### ABOUT THIS EXERCISE
The entries below contain a stretch that opens with the line containing "(\<lambda>s. codegen i" and closes with the line containing "i (sd2_coface i"; set down that stretch exactly, both ends included, and nothing else.

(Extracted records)
========================

(* Let $A$ be the six-element poset $\{a_1,a_2,b_1,b_2,c_1,c_2\}$ whose order is generated by $a_i<b_j$ and $b_j<c_k$ for all $i,j,k\in\{1,2\}$ (so $a_1,a_2$ are incomparable, $b_1,b_2$ are incomparable, $c_1,c_2$ are incomparable, and $a_i<c_k$). Then $A$ is not cofibrant in the model structure on $\mathbf{Pos}$.
   Context: The model structure on $\mathbf{Pos}$: a map $f$ of posets is a weak equivalence/fibration iff it is so as a functor in the Thomason model structure on $\mathbf{Cat}$ (where $F$ is a weak equivalence/fibration iff $\mathrm{Ex}^2NF$ is one in the Kan–Quillen model structure on $\mathbf{sSet}$, $N$ the nerve, $\mathrm{Ex}$ Kan's functor); cofibrations are the maps with the left lifting property against acyclic fibrations. The classifying space of $A$ is homeomorphic to $S^2$. *)

theory Defs
  imports Main
begin

text \<open>A poset is a carrier set X together with a relation R with partial_order_on X R.\<close>

definition mono_map :: "'a set \<Rightarrow> ('a \<times> 'a) set \<Rightarrow> 'b set \<Rightarrow> ('b \<times> 'b) set \<Rightarrow> ('a \<Rightarrow> 'b) \<Rightarrow> bool" where
  "mono_map X R Y S f \<longleftrightarrow> (\<forall>x\<in>X. f x \<in> Y) \<and> (\<forall>x\<in>X. \<forall>y\<in>X. (x, y) \<in> R \<longrightarrow> (f x, f y) \<in> S)"

text \<open>Vertices of Sd(Delta^n): nonempty subsets of [n] = {0..n}, ordered by inclusion.\<close>
definition sd_simplex :: "nat \<Rightarrow> nat set set" where
  "sd_simplex n = {s. s \<noteq> {} \<and> s \<subseteq> {0..n}}"

text \<open>The poset sd(sd[n]): nonempty finite chains of nonempty subsets of [n], ordered by inclusion.
  Its nerve is Sd^2 Delta^n.\<close>
definition sd2 :: "nat \<Rightarrow> nat set set set" where
  "sd2 n = {c. c \<noteq> {} \<and> finite c \<and> c \<subseteq> sd_simplex n \<and> (\<forall>s\<in>c. \<forall>t\<in>c. s \<subseteq> t \<or> t \<subseteq> s)}"

definition coface :: "nat \<Rightarrow> nat \<Rightarrow> nat" where
  "coface i j = (if j < i then j else Suc j)"

text \<open>n-simplices of Ex^2 N P = Hom(Sd^2 Delta^n, N P) = monotone maps sd(sd[n]) -> P
  (represented extensionally: undefined outside sd2 n).\<close>
definition ex2 :: "'a set \<Rightarrow> ('a \<times> 'a) set \<Rightarrow> nat \<Rightarrow> (nat set set \<Rightarrow> 'a) set" where
  "ex2 P R n = {g. mono_map (sd2 n) {(c, d). c \<subseteq> d} P R g \<and> (\<forall>c. c \<notin> sd2 n \<longrightarrow> g c = undefined)}"

text \<open>Face map d_i : (Ex^2 N P)_n -> (Ex^2 N P)_(n-1), precomposition with Sd^2(delta^i).\<close>
definition ex2_face :: "nat \<Rightarrow> nat \<Rightarrow> (nat set set \<Rightarrow> 'a) \<Rightarrow> (nat set set \<Rightarrow> 'a)" where
  "ex2_face n i g = (\<lambda>c. if c \<in> sd2 (n - 1) then g ((\<lambda>s. coface i ` s) ` c) else undefined)"

definition ex2_map :: "nat \<Rightarrow> ('a \<Rightarrow> 'b) \<Rightarrow> (nat set set \<Rightarrow> 'a) \<Rightarrow> (nat set set \<Rightarrow> 'b)" where
  "ex2_map n f g = (\<lambda>c. if c \<in> sd2 n then f (g c) else undefined)"

text \<open>f : (X,R) -> (Y,S) is an acyclic fibration iff Ex^2 N f is an acyclic (= trivial) Kan
  fibration, i.e. has the right lifting property against all boundary inclusions
  dDelta^n -> Delta^n.  A map dDelta^n -> K is a family x_0..x_n of (n-1)-simplices with
  d_i x_j = d_(j-1) x_i for i < j (empty family for n = 0).\<close>
definition pos_acyclic_fibration ::
  "'a set \<Rightarrow> ('a \<times> 'a) set \<Rightarrow> 'b set \<Rightarrow> ('b \<times> 'b) set \<Rightarrow> ('a \<Rightarrow> 'b) \<Rightarrow> bool" where
  "pos_acyclic_fibration X R Y S f \<longleftrightarrow>
     mono_map X R Y S f \<and>
     (\<forall>y\<in>ex2 Y S 0. \<exists>z\<in>ex2 X R 0. ex2_map 0 f z = y) \<and>
     (\<forall>n\<ge>1. \<forall>xs :: nat \<Rightarrow> (nat set set \<Rightarrow> 'a). \<forall>y.
        (\<forall>i\<le>n. xs i \<in> ex2 X R (n - 1)) \<and>
        (n \<ge> 2 \<longrightarrow> (\<forall>i j. i < j \<and> j \<le> n \<longrightarrow>
             ex2_face (n - 1) i (xs j) = ex2_face (n - 1) (j - 1) (xs i))) \<and>
        y \<in> ex2 Y S n \<and>
        (\<forall>i\<le>n. ex2_face n i y = ex2_map (n - 1) f (xs i))
        \<longrightarrow> (\<exists>z\<in>ex2 X R n. (\<forall>i\<le>n. ex2_face n i z = xs i) \<and> ex2_map n f z = y))"

text \<open>(A,RA) is cofibrant iff the empty map into it has the LLP against all acyclic fibrations,
  i.e. every monotone map A -> Y lifts along every acyclic fibration X -> Y.  HOL cannot
  quantify over all types, so the quantification is over posets whose carriers live in a
  given type 'x.\<close>
definition pos_cofibrant_wrt :: "'x itself \<Rightarrow> 'a set \<Rightarrow> ('a \<times> 'a) set \<Rightarrow> bool" where
  "pos_cofibrant_wrt _ A RA \<longleftrightarrow>
     (\<forall>(X :: 'x set) RX (Y :: 'x set) RY p.
        partial_order_on X RX \<and> partial_order_on Y RY \<and> pos_acyclic_fibration X RX Y RY p \<longrightarrow>
        (\<forall>g. mono_map A RA Y RY g \<longrightarrow>
             (\<exists>h. mono_map A RA X RX h \<and> (\<forall>a\<in>A. p (h a) = g a))))"

datatype A_elt = a1 | a2 | b1 | b2 | c1 | c2

fun A_level :: "A_elt \<Rightarrow> nat" where
  "A_level a1 = 0" | "A_level a2 = 0" | "A_level b1 = 1" | "A_level b2 = 1"
| "A_level c1 = 2" | "A_level c2 = 2"

definition A_rel :: "(A_elt \<times> A_elt) set" where
  "A_rel = {(x, y). x = y \<or> A_level x < A_level y}"

end

theory Submission
  imports Defs "HOL-Library.FuncSet" "HOL-Library.Countable_Set" "HOL-Analysis.Finite_Cartesian_Product"
begin

(*
  The lifting property fails against one explicit acyclic fibration. For a poset Y let X be the
  union of stages X_0 = {} <= X_1 <= ..., where X_(k+1) freely adjoins, for every n, every monotone
  z : Sd^2 dDelta^n -> X_k and every y : Sd^2 Delta^n -> Y extending the image of z, a copy of the
  cone over Sd^2 dDelta^n attached along z and lying over y. Every lifting problem for the
  projection p : X -> Y against dDelta^n -> Delta^n is solved by such a cone, so p is an acyclic
  fibration, and X is countable when Y is, so it can be moved into nat.

  Take Y = A and a section s of p, with s(A) inside X_(k+1) and k minimal. If s(b1) and s(b2) are
  both new, they lie in the cone containing s(c1) and s(c2), and the union of their chains is an
  element between {s(b1), s(b2)} and {s(c1), s(c2)}; its image under p would lie between
  {b1, b2} and {c1, c2} in A, which is impossible. Otherwise s(a1) and s(a2) lie in X_k, and pushing
  every new element of s(A) onto the boundary of its cone gives a monotone s' : A -> X_k with
  p s' <= id and p s' (a_i) = a_i; in A this forces p s' = id, contradicting the minimality of k.
*)

section \<open>Chains in the double subdivision\<close>

lemma mem_sd2_iff:
  "c \<in> sd2 n \<longleftrightarrow> c \<noteq> {} \<and> finite c \<and> (\<forall>s\<in>c. s \<noteq> {} \<and> s \<subseteq> {0..n}) \<and>
     (\<forall>s\<in>c. \<forall>t\<in>c. s \<subseteq> t \<or> t \<subseteq> s)"
  unfolding sd2_def sd_simplex_def by auto

lemma finite_sd2: "finite (sd2 n)"
  by (rule finite_subset[of _ "Pow (Pow {0..n})"]) (auto simp: sd2_def sd_simplex_def)

lemma sd2_subset:
  assumes "c \<in> sd2 n" "c' \<subseteq> c" "c' \<noteq> {}"
  shows "c' \<in> sd2 n"
  using assms finite_subset unfolding mem_sd2_iff by (metis subsetD)

definition sd2_boundary :: "nat \<Rightarrow> nat set set set" where
  "sd2_boundary n = {c \<in> sd2 n. {0..n} \<notin> c}"

text \<open>A chain c of the cone stands for the chain insert {0..n} c of sd2 n; the empty chain is the
  apex.\<close>
definition sd2_cone :: "nat \<Rightarrow> nat set set set" where
  "sd2_cone n = insert {} (sd2_boundary n)"

lemma finite_sd2_boundary: "finite (sd2_boundary n)"
  using finite_sd2 unfolding sd2_boundary_def by simp

lemma finite_sd2_cone: "finite (sd2_cone n)"
  unfolding sd2_cone_def using finite_sd2_boundary by simp

lemma sd2_boundary_0: "sd2_boundary 0 = {}"
  unfolding sd2_boundary_def mem_sd2_iff by (force simp: subset_singleton_iff)

lemma sd2_boundary_subset:
  "c \<in> sd2_boundary n \<Longrightarrow> c' \<subseteq> c \<Longrightarrow> c' \<noteq> {} \<Longrightarrow> c' \<in> sd2_boundary n"
  unfolding sd2_boundary_def using sd2_subset by blast

lemma sd2_cone_subset: "c \<in> sd2_cone n \<Longrightarrow> c' \<subseteq> c \<Longrightarrow> c' \<in> sd2_cone n"
  unfolding sd2_cone_def using sd2_boundary_subset by blast

lemma sd2_cone_boundary: "c \<in> sd2_cone n \<Longrightarrow> c \<noteq> {} \<Longrightarrow> c \<in> sd2_boundary n"
  unfolding sd2_cone_def by blast

lemma insert_top_sd2: "c \<in> sd2_cone n \<Longrightarrow> insert {0..n} c \<in> sd2 n"
  unfolding sd2_cone_def sd2_boundary_def mem_sd2_iff by auto

lemma sd2_minus_top: "d \<in> sd2 n \<Longrightarrow> d - {{0..n}} \<in> sd2_cone n"
  unfolding sd2_cone_def sd2_boundary_def using sd2_subset[of d n "d - {{0..n}}"] by auto

lemma sd2_boundary_avoids_vertex:
  assumes "c \<in> sd2_boundary n"
  obtains i where "i \<le> n" "\<forall>s\<in>c. i \<notin> s"
proof -
  have c: "c \<in> sd2 n" "{0..n} \<notin> c" using assms unfolding sd2_boundary_def by auto
  then have "\<Union>c \<in> c" using Union_in_chain[of c UNIV]
    unfolding mem_sd2_iff subset.chain_def by blast
  then have "\<Union>c \<noteq> {0..n}" using c(2) by metis
  moreover have "\<Union>c \<subseteq> {0..n}" using c(1) unfolding mem_sd2_iff by blast
  ultimately have "\<Union>c \<subset> {0..n}" by blast
  then obtain i where "i \<in> {0..n}" "i \<notin> \<Union>c" by blast
  then show ?thesis using that by auto
qed

definition sd2_coface :: "nat \<Rightarrow> nat set set \<Rightarrow> nat set set" where
  "sd2_coface i c = (\<lambda>s. coface i ` s) ` c"

text \<open>A left inverse of coface i; its value at i is irrelevant.\<close>
definition codegen :: "nat \<Rightarrow> nat \<Rightarrow> nat" where
  "codegen i j = (if j < i then j else j - 1)"

definition sd2_codegen :: "nat \<Rightarrow> nat set set \<Rightarrow> nat set set" where
  "sd2_codegen i c = (\<lambda>s. codegen i ` s) ` c"

lemma codegen_coface [simp]: "codegen i (coface i j) = j"
  unfolding codegen_def coface_def by auto

lemma coface_codegen: "j \<noteq> i \<Longrightarrow> coface i (codegen i j) = j"
  unfolding codegen_def coface_def by auto

lemma coface_coface: "i < j \<Longrightarrow> coface j (coface i x) = coface i (coface (j - 1) x)"
  unfolding coface_def by auto

lemma sd2_codegen_coface [simp]: "sd2_codegen i (sd2_coface i c) = c"
  unfolding sd2_codegen_def sd2_coface_def by (simp add: image_image)

lemma image_coface_codegen:
  assumes "i \<notin> s"
  shows "coface i ` codegen i ` s = s"
proof -
  have "(\<lambda>j. coface i (codegen i j)) ` s = (\<lambda>j. j) ` s"
    by (rule image_cong[OF refl]) (metis assms coface_codegen)
  then show ?thesis by (simp add: image_image)
qed

lemma sd2_coface_codegen:
  assumes "\<forall>s\<in>c. i \<notin> s"
  shows "sd2_coface i (sd2_codegen i c) = c"
proof -
  have "(\<lambda>s. coface i ` codegen i ` s) ` c = (\<lambda>s. s) ` c"
    by (rule image_cong[OF refl]) (metis assms image_coface_codegen)
  then show ?thesis unfolding sd2_coface_def sd2_codegen_def by (simp add: image_image)
qed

========================

### RESPONSE TO THIS TASK
  "sd2_codegen i c = (\<lambda>s. codegen i ` s) ` c"

lemma codegen_coface [simp]: "codegen i (coface i j) = j"
  unfolding codegen_def coface_def by auto

lemma coface_codegen: "j \<noteq> i \<Longrightarrow> coface i (codegen i j) = j"
  unfolding codegen_def coface_def by auto

lemma coface_coface: "i < j \<Longrightarrow> coface j (coface i x) = coface i (coface (j - 1) x)"
  unfolding coface_def by auto

lemma sd2_codegen_coface [simp]: "sd2_codegen i (sd2_coface i c) = c"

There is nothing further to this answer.